### ABOUT THIS TASK
In the listing that follows, the lines starting at the one containing "forest_sum a b +" and ending at the one containing "((\<lambda>(ts, l, r)." are to be returned exactly, both boundary lines included, and no others.

### RECORDS PROVIDED
lemma forest_sum_Suc:
  assumes "b \<le> Suc a"
  shows "forest_sum (Suc a) b = (b + 1) * forest_sum a b + (if b = 0 then 0 else forest_sum (Suc a) (b - 1))"
proof -
  let ?E = "forests_ending_in_node (Suc a) b"
  have inj_leaf: "inj_on (\<lambda>ts. ts @ [L]) (forests a b)" by (auto simp: inj_on_def)
  have inj_node: "inj_on (\<lambda>(ts, l, r). ts @ [N l r]) ?E" by (auto simp: inj_on_def)
  have finite_node: "finite ((\<lambda>(ts, l, r). ts @ [N l r]) ` ?E)"
    using finite_forests[of "Suc a" b] by (rule finite_subset[rotated]) (auto simp: forests_Suc)
  have "forest_sum (Suc a) b =
          (\<Sum>xs\<in>(\<lambda>ts. ts @ [L]) ` forests a b \<union> (\<lambda>(ts, l, r). ts @ [N l r]) ` ?E.
             forest_pointer_count xs 0)"
    unfolding forest_sum_def by (rule arg_cong[OF forests_Suc])
  also have "\<dots> = (\<Sum>xs\<in>(\<lambda>ts. ts @ [L]) ` forests a b. forest_pointer_count xs 0)
        + (\<Sum>xs\<in>(\<lambda>(ts, l, r). ts @ [N l r]) ` ?E. forest_pointer_count xs 0)"
    by (rule sum.union_disjoint) (auto simp: finite_forests finite_node)
  also have "\<dots> = (\<Sum>ts\<in>forests a b. forest_pointer_count (ts @ [L]) 0)
        + (\<Sum>(ts, l, r)\<in>?E. forest_pointer_count (ts @ [N l r]) 0)"
    by (subst sum.reindex[OF inj_leaf], subst sum.reindex[OF inj_node])
      (simp add: case_prod_unfold comp_def)
  also have "(\<Sum>ts\<in>forests a b. forest_pointer_count (ts @ [L]) 0) = (b + 1) * forest_sum a b"
    by (simp add: forest_sum_def sum_distrib_left forest_pointer_count_snoc forests_def mult.commute)
  finally show ?thesis by (simp add: sum_forests_ending_in_node[OF assms])
qed

lemma forest_sum_eq_rab: "forest_sum a b = rab a b"
proof -
  have "forest_sum a b = of_nat (rab a b)"
  proof (rule eq_rab_if_rec)
    show "forest_sum 0 0 = 1"
      by (simp add: forest_sum_def forests_0_0)
    show "forest_sum a b = 0" if "a < b" for a b
      using that by (simp add: forest_sum_def forests_eq_empty)
    show "forest_sum (Suc a) b = of_nat (b + 1) * forest_sum a b
            + (if b = 0 then 0 else forest_sum (Suc a) (b - 1))" if "b \<le> Suc a" for a b
      using forest_sum_Suc[OF that] by simp
  qed
  then show ?thesis by simp
qed

lemma card_relaxed_trees: "card (relaxed_trees n) = rab n n"
proof -
  have finite_spines: "finite {t. isize t = n}"
    using finite_isize_le[of n] by (rule finite_subset[rotated]) auto
  have "card (relaxed_trees n) = (\<Sum>t | isize t = n. pointer_count t 0)"
    unfolding relaxed_trees_eq_Sigma
    by (simp add: card_SigmaI finite_spines finite_maps_with_dom finite_targets card_pointer_maps)
  also have "\<dots> = forest_sum n n"
  proof -
    have "forests n n = (\<lambda>t. [t]) ` {t. isize t = n}"
      by (auto simp: forests_def length_Suc_conv)
    then show ?thesis
      by (simp add: forest_sum_def sum.reindex inj_on_def)
  qed
  finally show ?thesis by (simp add: forest_sum_eq_rab)
qed

theorem corollary3p3:
  shows "(\<forall>n m. m \<le> n \<longrightarrow> even (n + m) \<longrightarrow>
            dnm n m = real (rab ((n + m) div 2) ((n - m) div 2)) / fact ((n + m) div 2))
       \<and> (\<forall>n m. m \<le> n \<longrightarrow> odd (n + m) \<longrightarrow> dnm n m = 0)
       \<and> (\<forall>n. real (card (relaxed_trees n)) = fact n * dnm (2 * n) 0)"
proof (intro conjI allI impI)
  fix n m :: nat
  assume "m \<le> n" "even (n + m)"
  then show "dnm n m = real (rab ((n + m) div 2) ((n - m) div 2)) / fact ((n + m) div 2)"
    by (rule dnm_eq_rab_div_fact)
next
  fix n m :: nat
  assume "odd (n + m)"
  then show "dnm n m = 0" by (simp add: dnm_eq_0)
next
  fix n :: nat
  have "dnm (2 * n) 0 = real (rab n n) / fact n"
    using dnm_eq_rab_div_fact[of 0 "2 * n"] by simp
  then show "real (card (relaxed_trees n)) = fact n * dnm (2 * n) 0"
    by (simp add: card_relaxed_trees)
qed

end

### EXERCISE SOLUTION
  shows "forest_sum (Suc a) b = (b + 1) * forest_sum a b + (if b = 0 then 0 else forest_sum (Suc a) (b - 1))"
proof -
  let ?E = "forests_ending_in_node (Suc a) b"
  have inj_leaf: "inj_on (\<lambda>ts. ts @ [L]) (forests a b)" by (auto simp: inj_on_def)
  have inj_node: "inj_on (\<lambda>(ts, l, r). ts @ [N l r]) ?E" by (auto simp: inj_on_def)
  have finite_node: "finite ((\<lambda>(ts, l, r). ts @ [N l r]) ` ?E)"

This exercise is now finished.